A reader asked me to comment on the acquisition of SonicWALL, so that’s what I’ll do now. Yes, I sometimes take requests, just like a washed-up lounge lizard.
The announced transaction has been well documented in the business and trade press. An investor group led by private-equity firm Thoma Bravo, and comprising the Ontario Teachers’ Pension Plan, will acquire SonicWALL in a deal worth approximately $717 million. SonicWALL shareholders will receive $11.50 per share in cash, a 28-percent premium over Wednesday’s close.
The deal already is being challenged by law firms alleging that SonicWALL and its board of directors breached fiduciary duties by agreeing to the proposal before diligently seeking an offer that would have provided better value to shareholders.
I don’t want to step into that fray, because it’s an inherently subjective debate based on market estimates from analysts who might or might not have applied accurate assumptions, methodologies, and statistical models. I have no idea how some analysts arrive at their forecasts — some perform thorough channel checks and build intricate spreadsheets, while others perform Santeria rituals with live chickens on neighborhood baseball diamonds under the cover of darkness.
I think you take my point. That said, I will note that the premium offered looks at least superficially attractive. What’s more, the fevered response to it from the wealth-redistribution agents of the legal profession tells you that SonicWALL is an asset that is not bereft of hope and promise.
Indeed, SonicWALL is a strong UTM-firewall and point-product security vendor in the SMB/SME space and across a number of vertical markets, including government, education, and healthcare. The company has built a strong channel presence, and its channel partners generally have a favorable view of the company.
In its latest quarter, just before this acquisition hit, its results did not suggest obvious signs of distress. You can do the math and employ your multiples based on those numbers, but this deal is about what the buyers think the company is worth going forward, not on what the company has done historically. My point regarding the recent financial results, though, is that SonicWALL’s wheels were not falling off.
SonicWALL faces a lot of competition in an Internet-security market that is consolidating on multiple fronts. Security functionality is consolidating, as evidenced by jack-of-all-trades UTM boxes from the likes of Fortinet and SonicWALL; and the market is consolidating, too. Bigger vendors are buying point-product purveyors in attempts to become one-stop shops for the security needs of SMEs and large enterprises alike.
That’s why SonicWALL’s management chose to do this deal. Thoma Bravo not only brings money to the table, but also a potentially coherent plan as to how SonicWALL fits into its existing stable of Internet-security and infrastructure companies. In previous transactions, Thoma Bravo has acquired security-management firm Attachmate, application and database-tool vendor Embarcadero Technologies, and authentication vendor Entrust. Conceivably, SonicWALL will benefit from access to this technology ecosystem and to its sales channels.
Meanwhile, Thoma Bravo saw considerable growth potential in SonicWALL. The vendor holds its own in the SSL VPN market, where it has about a 20-percent share, but the real promise is in UTM, which really is the next-generation firewall.

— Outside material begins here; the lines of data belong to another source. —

(* Let $(\alpha_n,\beta_n)_{n\ge1}$ be integers with $12\sum_{k<n}\beta_k<\alpha_n\le\beta_n$ for every $n$ and $\sum_i\frac{\log\beta_i}{3^i}<\infty$. Then for all sufficiently small $\varepsilon>0$, a $B_\varepsilon$-random subset of $\mathbb{Z}^2$ is bi-sparse (with respect to $(\alpha_n,\beta_n)$) with probability $1$.
   Context: Distances on $\mathbb{Z}^2$ are $\ell_\infty$; diameters and $\beta$-neighborhoods are taken with respect to this distance. For $E\subset\mathbb{Z}^2$ and integers $\beta\ge\alpha>0$, a nonempty $X\subset E$ is an $(\alpha,\beta)$-bi-island in $E$ if $X=X_0\cup X_1$ for some sets $X_0,X_1$ such that: the $\beta$-neighborhood of $X$ contains no point of $E\setminus X$; $X_0$ and $X_1$ have diameter at most $\alpha$; and the distance between $X_0$ and $X_1$ is at most $\beta$ (one of them may be empty). Given $(\alpha_i,\beta_i)$, the cleaning process sets $E_0=E$ and obtains $E_i$ from $E_{i-1}$ by removing all $(\alpha_i,\beta_i)$-bi-islands of $E_{i-1}$ (rank $i$ bi-islands); a point is affected at step $i$ if it lies in the $\beta_i$-neighborhood of some rank $i$ bi-island. $E$ is bi-sparse if every point of $E$ is removed at some step and every point of $\mathbb{Z}^2$ is affected at only finitely many steps. $B_\varepsilon$ is the Bernoulli distribution on subsets of $\mathbb{Z}^2$: each point belongs to the set independently with probability $\varepsilon$. *)

theory Defs
  imports "HOL-Probability.Probability"
begin

type_synonym pt = "int \<times> int"

definition linf :: "pt \<Rightarrow> pt \<Rightarrow> int" where
  "linf p q = max \<bar>fst p - fst q\<bar> \<bar>snd p - snd q\<bar>"

definition nbhd :: "int \<Rightarrow> pt set \<Rightarrow> pt set" where
  "nbhd b X = {q. \<exists>p\<in>X. linf p q \<le> b}"
section \<open>The momentum terms for the effective velocity\<close>

lemma differentiable_mass_flux_div:
  assumes s: "s \<in> I" shows "st_differentiable mass_flux_div s y"
proof -
  have "st_differentiable (\<lambda>s y. (-1) * dt \<rho> s y) s y"
    by (rule st_differentiable_cmult[OF differentiable_dt_rho[OF s]])
  then show ?thesis
    by (rule st_differentiable_cong_open[OF open_greaterThanLessThan s, rotated])
       (use mass in \<open>auto simp: add_eq_0_iff\<close>)
qed

lemma differentiable_Hp_mass_flux_div: "s \<in> I \<Longrightarrow> st_differentiable (\<lambda>s y. Hp s y * mass_flux_div s y) s y"
  by (intro st_differentiable_mult differentiable_profile profiles_differentiable differentiable_mass_flux_div)

lemma dt_rho_V_nth:
  assumes t: "t \<in> I"
  shows "dt (\<lambda>s y. \<rho> s y *\<^sub>R V s y) t x $ i
     = dt (\<lambda>s y. \<rho> s y *\<^sub>R u s y) t x $ i - c * pd i (\<lambda>s y. Hp s y * mass_flux_div s y) t x"
proof -
  have "dt (\<lambda>s y. \<rho> s y *\<^sub>R V s y) t x $ i = dt (\<lambda>s y. (\<rho> s y *\<^sub>R V s y) $ i) t x"
    by (rule dt_nth[OF differentiable_rho_V[OF t], symmetric])
  also have "\<dots> = dt (\<lambda>s y. \<rho> s y * U i s y + c * pd i H s y) t x"
    by (rule dt_cong_open[OF open_greaterThanLessThan t]) (rule rho_V_nth)
  also have "\<dots> = dt (\<lambda>s y. \<rho> s y *\<^sub>R u s y) t x $ i + c * dt (pd i H) t x"
    using t dt_nth[OF differentiable_rho_u[OF t], of i]
    by (simp add: dt_add dt_cmult st_differentiable_mult st_differentiable_cmult
        differentiable_rho differentiable_U differentiable_pd_H)
  also have "dt (pd i H) t x = pd i (dt H) t x"
    by (rule dt_pd_commute[OF open_greaterThanLessThan t])
       (auto intro!: differentiable_profile profiles_differentiable differentiable_pd_H
          st_differentiable_cong_open[OF open_greaterThanLessThan t dt_H]
          st_differentiable_mult differentiable_dt_rho t)
  also have "\<dots> = pd i (\<lambda>s y. (-1) * (Hp s y * mass_flux_div s y)) t x"
    by (rule pd_cong_slice) (use dt_H[OF t] mass t in \<open>simp add: add_eq_0_iff\<close>)
  also have "\<dots> = - pd i (\<lambda>s y. Hp s y * mass_flux_div s y) t x"
    using pd_cmult[OF differentiable_Hp_mass_flux_div[OF t], of i "-1"] by simp
  finally show ?thesis by simp
qed

lemma divM_convection_V_nth:
  assumes t: "t \<in> I"
  shows "divM (\<lambda>s y. \<rho> s y *\<^sub>R outer (V s y) (V s y)) t x $ i
     = (\<Sum>j\<in>UNIV. pd j (\<lambda>s y. \<rho> s y * (U i s y * U j s y)) t x)
     + c * (\<Sum>j\<in>UNIV. pd j (\<lambda>s y. U i s y * pd j H s y + pd i H s y * U j s y) t x)
     + c\<^sup>2 * (\<Sum>j\<in>UNIV. pd j (\<lambda>s y. pd i \<Phi> s y * pd j H s y) t x)"
proof -
  have d0: "st_differentiable (\<lambda>s y. \<rho> s y * (U a s y * U b s y)) t x" for a b
    by (intro st_differentiable_mult differentiable_rho differentiable_U t)
  have d1: "st_differentiable (\<lambda>s y. U a s y * pd b H s y + pd a H s y * U b s y) t x" for a b
    by (intro st_differentiable_add st_differentiable_mult differentiable_U differentiable_pd_H t)
  have d2: "st_differentiable (\<lambda>s y. pd a \<Phi> s y * pd b H s y) t x" for a b
    by (intro st_differentiable_mult differentiable_pd_Phi differentiable_pd_H t)
  have "divM (\<lambda>s y. \<rho> s y *\<^sub>R outer (V s y) (V s y)) t x $ i
    = (\<Sum>j\<in>UNIV. pd j (\<lambda>s y. \<rho> s y * (U i s y * U j s y)
         + c * (U i s y * pd j H s y + pd i H s y * U j s y) + c\<^sup>2 * (pd i \<Phi> s y * pd j H s y)) t x)"
  proof (rule divM_nth_entries[OF open_greaterThanLessThan t])
    show "(\<rho> s y *\<^sub>R outer (V s y) (V s y)) $ a $ b
      = \<rho> s y * (U a s y * U b s y) + c * (U a s y * pd b H s y + pd a H s y * U b s y)
        + c\<^sup>2 * (pd a \<Phi> s y * pd b H s y)" if "s \<in> I" for s y a b
      unfolding rho_pd_Phi[OF that, symmetric] by (simp add: outer_def grad_def algebra_simps power2_eq_square)
  qed (intro st_differentiable_add st_differentiable_cmult d0 d1 d2)
  also have "\<dots> = (\<Sum>j\<in>UNIV. pd j (\<lambda>s y. \<rho> s y * (U i s y * U j s y)) t x
     + c * pd j (\<lambda>s y. U i s y * pd j H s y + pd i H s y * U j s y) t x
     + c\<^sup>2 * pd j (\<lambda>s y. pd i \<Phi> s y * pd j H s y) t x)"
    by (simp only: pd_add_cmult[OF st_differentiable_add[OF d0 st_differentiable_cmult[OF d1]] d2]
        pd_add_cmult[OF d0 d1])
  finally show ?thesis by (simp add: sum.distrib sum_distrib_left)
qed

lemma pd_G: "s \<in> I \<Longrightarrow> pd i G s y = \<rho> s y * pd i Hp s y"
  using pd_comp[OF differentiable_rho has_real_derivative_g_eps[OF rho_pos]] pd_Hp by simp

lemma pd_H_mult:
  "s \<in> I \<Longrightarrow> st_differentiable f s y \<Longrightarrow> pd j (\<lambda>s y. H s y * f s y) s y = H s y * pd j f s y + pd j H s y * f s y"
  by (intro pd_mult differentiable_profile profiles_differentiable)

lemma differentiable_pd_H_mult:
  assumes "s \<in> I" and f: "\<And>s y. s \<in> I \<Longrightarrow> st_differentiable f s y"
    and "\<And>s y. s \<in> I \<Longrightarrow> st_differentiable (pd j f) s y"
  shows "st_differentiable (pd j (\<lambda>s y. H s y * f s y)) s y"
  by (rule st_differentiable_cong_open[OF open_greaterThanLessThan,
        where g="\<lambda>s y. H s y * pd j f s y + pd j H s y * f s y"])
     (use assms in \<open>auto simp: pd_H_mult intro!: st_differentiable_add st_differentiable_mult
        differentiable_profile profiles_differentiable differentiable_pd_H\<close>)

lemma pd_H_U: "s \<in> I \<Longrightarrow> pd j (\<lambda>s y. H s y * U k s y) s y = H s y * pd j (U k) s y + pd j H s y * U k s y"
  by (intro pd_H_mult differentiable_U)

lemma differentiable_pd_H_U: "s \<in> I \<Longrightarrow> st_differentiable (pd j (\<lambda>s y. H s y * U k s y)) s y"
  by (intro differentiable_pd_H_mult differentiable_U differentiable_pd_U)

lemma pd_H_pd_Phi:
  "s \<in> I \<Longrightarrow> pd j (\<lambda>s y. H s y * pd k \<Phi> s y) s y = H s y * pd j (pd k \<Phi>) s y + pd j H s y * pd k \<Phi> s y"
  by (intro pd_H_mult differentiable_pd_Phi)

lemma differentiable_pd_H_pd_Phi: "s \<in> I \<Longrightarrow> st_differentiable (pd j (\<lambda>s y. H s y * pd k \<Phi> s y)) s y"
  by (intro differentiable_pd_H_mult differentiable_pd_Phi differentiable_pd2_Phi)

lemma differentiable_H_mult: "s \<in> I \<Longrightarrow> st_differentiable f s y \<Longrightarrow> st_differentiable (\<lambda>s y. H s y * f s y) s y"
  by (intro st_differentiable_mult differentiable_profile profiles_differentiable)

lemma divg_u: "s \<in> I \<Longrightarrow> divg u s y = (\<Sum>k\<in>UNIV. pd k (U k) s y)"
  unfolding divg_def by (simp add: pd_U)

lemma differentiable_divg_u: "s \<in> I \<Longrightarrow> st_differentiable (divg u) s y"
  by (rule st_differentiable_cong_open[OF open_greaterThanLessThan, where g="\<lambda>s y. \<Sum>k\<in>UNIV. pd k (U k) s y"])
     (auto simp: divg_u intro!: st_differentiable_sum differentiable_pd_U)

lemma mass_flux_div_eq:
  assumes s: "s \<in> I"
  shows "mass_flux_div s y = (\<Sum>k\<in>UNIV. \<rho> s y * pd k (U k) s y + pd k \<rho> s y * U k s y)"
proof -
  have "pd k (\<lambda>s y. \<rho> s y *\<^sub>R u s y) s y $ k = \<rho> s y * pd k (U k) s y + pd k \<rho> s y * U k s y" for k
    using pd_nth[OF differentiable_rho_u[OF s], of k k] pd_mult[OF differentiable_rho[OF s] differentiable_U[OF s]]
    by simp
  then show ?thesis unfolding divg_def by simp
qed

text \<open>This is where \<open>g(r) = r h'(r) - h(r)\<close> enters.\<close>
lemma G_divg_u_eq:
  assumes s: "s \<in> I"
  shows "G s y * divg u s y = Hp s y * mass_flux_div s y - (\<Sum>j\<in>UNIV. pd j (\<lambda>s y. H s y * U j s y) s y)"
proof -
  have "Hp s y * mass_flux_div s y - (\<Sum>j\<in>UNIV. pd j (\<lambda>s y. H s y * U j s y) s y) - G s y * divg u s y
    = (\<Sum>k\<in>UNIV. Hp s y * (\<rho> s y * pd k (U k) s y + pd k \<rho> s y * U k s y)
        - (H s y * pd k (U k) s y + pd k H s y * U k s y) - G s y * pd k (U k) s y)"
    unfolding divg_u[OF s] mass_flux_div_eq[OF s]
    by (simp add: pd_H_U[OF s] sum_distrib_left sum_subtractf)
  also have "\<dots> = 0"
    by (rule sum.neutral) (simp add: pd_H[OF s] g_eps_def algebra_simps)
  finally show ?thesis by simp
qed

lemma pd_G_divg_u:
  assumes t: "t \<in> I"
  shows "pd i (\<lambda>s y. G s y * divg u s y) t x
    = pd i (\<lambda>s y. Hp s y * mass_flux_div s y) t x - (\<Sum>j\<in>UNIV. pd i (pd j (\<lambda>s y. H s y * U j s y)) t x)"
proof -
  have d1: "st_differentiable (\<lambda>s y. Hp s y * mass_flux_div s y) t x"
    by (rule differentiable_Hp_mass_flux_div[OF t])
  have d2: "\<And>j. st_differentiable (pd j (\<lambda>s y. H s y * U j s y)) t x"
    by (rule differentiable_pd_H_U[OF t])
  have "pd i (\<lambda>s y. G s y * divg u s y) t x
    = pd i (\<lambda>s y. Hp s y * mass_flux_div s y - (\<Sum>j\<in>UNIV. pd j (\<lambda>s y. H s y * U j s y) s y)) t x"
    by (rule pd_cong_slice) (rule G_divg_u_eq[OF t])
  also have "\<dots> = pd i (\<lambda>s y. Hp s y * mass_flux_div s y) t x - (\<Sum>j\<in>UNIV. pd i (pd j (\<lambda>s y. H s y * U j s y)) t x)"
    using d2 by (simp add: pd_diff[OF d1 st_differentiable_sum] pd_sum)
  finally show ?thesis .
qed

lemma pd_V_nth:
  assumes s: "s \<in> I"
  shows "pd k V s y $ i = pd k (U i) s y + c * pd k (pd i \<Phi>) s y"
proof -
  have "pd k V s y $ i = pd k (\<lambda>s y. V s y $ i) s y"
    by (rule pd_nth[OF differentiable_V[OF s], symmetric])
  also have "\<dots> = pd k (\<lambda>s y. U i s y + c * pd i \<Phi> s y) s y"
    by (rule pd_cong_slice) (rule V_nth)
  also have "\<dots> = pd k (U i) s y + c * pd k (pd i \<Phi>) s y"
    by (rule pd_add_cmult[OF differentiable_U[OF s] differentiable_pd_Phi[OF s]])
  finally show ?thesis .
qed

lemma divg_V: "s \<in> I \<Longrightarrow> divg V s y = divg u s y + c * lap \<Phi> s y"
  unfolding divg_def lap_def by (simp add: pd_V_nth pd_U sum.distrib sum_distrib_left)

According to Frost & Sullivan, the UTM market was worth nearly $2 billion in 2009. The market-research firm expects UTM growth to increase through 2010 and 2011 before moderating in subsequent years. Nonetheless, if the market researchers are right, the UTM space will reach revenues of $7 billion in 2016. With SMEs and distributed enterprises expected to account for the vast majority of those sales, SonicWALL is well placed to benefit.
This is where we have to come back to the competition, though. The company faces not only Fortinet, which rode to an IPO on its UTM exploits, but also Internet-security heavyweights such as Cisco, Juniper, and, to a lesser extent, Check Point.
One factor that could work in SonicWALL’s favor is that Cisco doesn’t seem as focused on Internet security as it has been. Not only has Cisco suffered from component shortages that deferred and cut into sales of its ASA boxes, but the Internet-gear colossus seems distracted by shinier, glossier market opportunities. Cisco also is less focused on serving SMEs than on catering to its large-enterprise and service-provider customers.
Looking ahead to the changing security demands occasioned by increasing virtualization and the adoption of cloud computing, SonicWALL is developing a new security God-box architecture under an Austin Powers-like moniker, Project SuperMassive. The company describes it as a “next-generation security platform and technology capable of detecting and controlling applications, preventing intrusions, and blocking malware at up to 40 Gbps without introducing latency to the network.”
According to SonicWALL, Project SuperMassive will implement a patented Reassembly-Free Deep Packet Inspection (RFDPI) engine to “provide increased insight into inbound and outbound network content without compromising security or performance.” SonicWALL says its new technology will intercept network threats that come from “anywhere and everywhere” and “scan everything.”
It all seems impressive, but the proof is in the pudding, or — in this case — the UTM. However it turns out, Thoma Bravo is buying a company with no shortage of technological vision.
As a postscript to this note, I will say that HP bears watching in the space. It’s possible, though by no means certain, that HP will acquire a vendor such as Fortinet to fill a gap in its HP Networking security portfolio.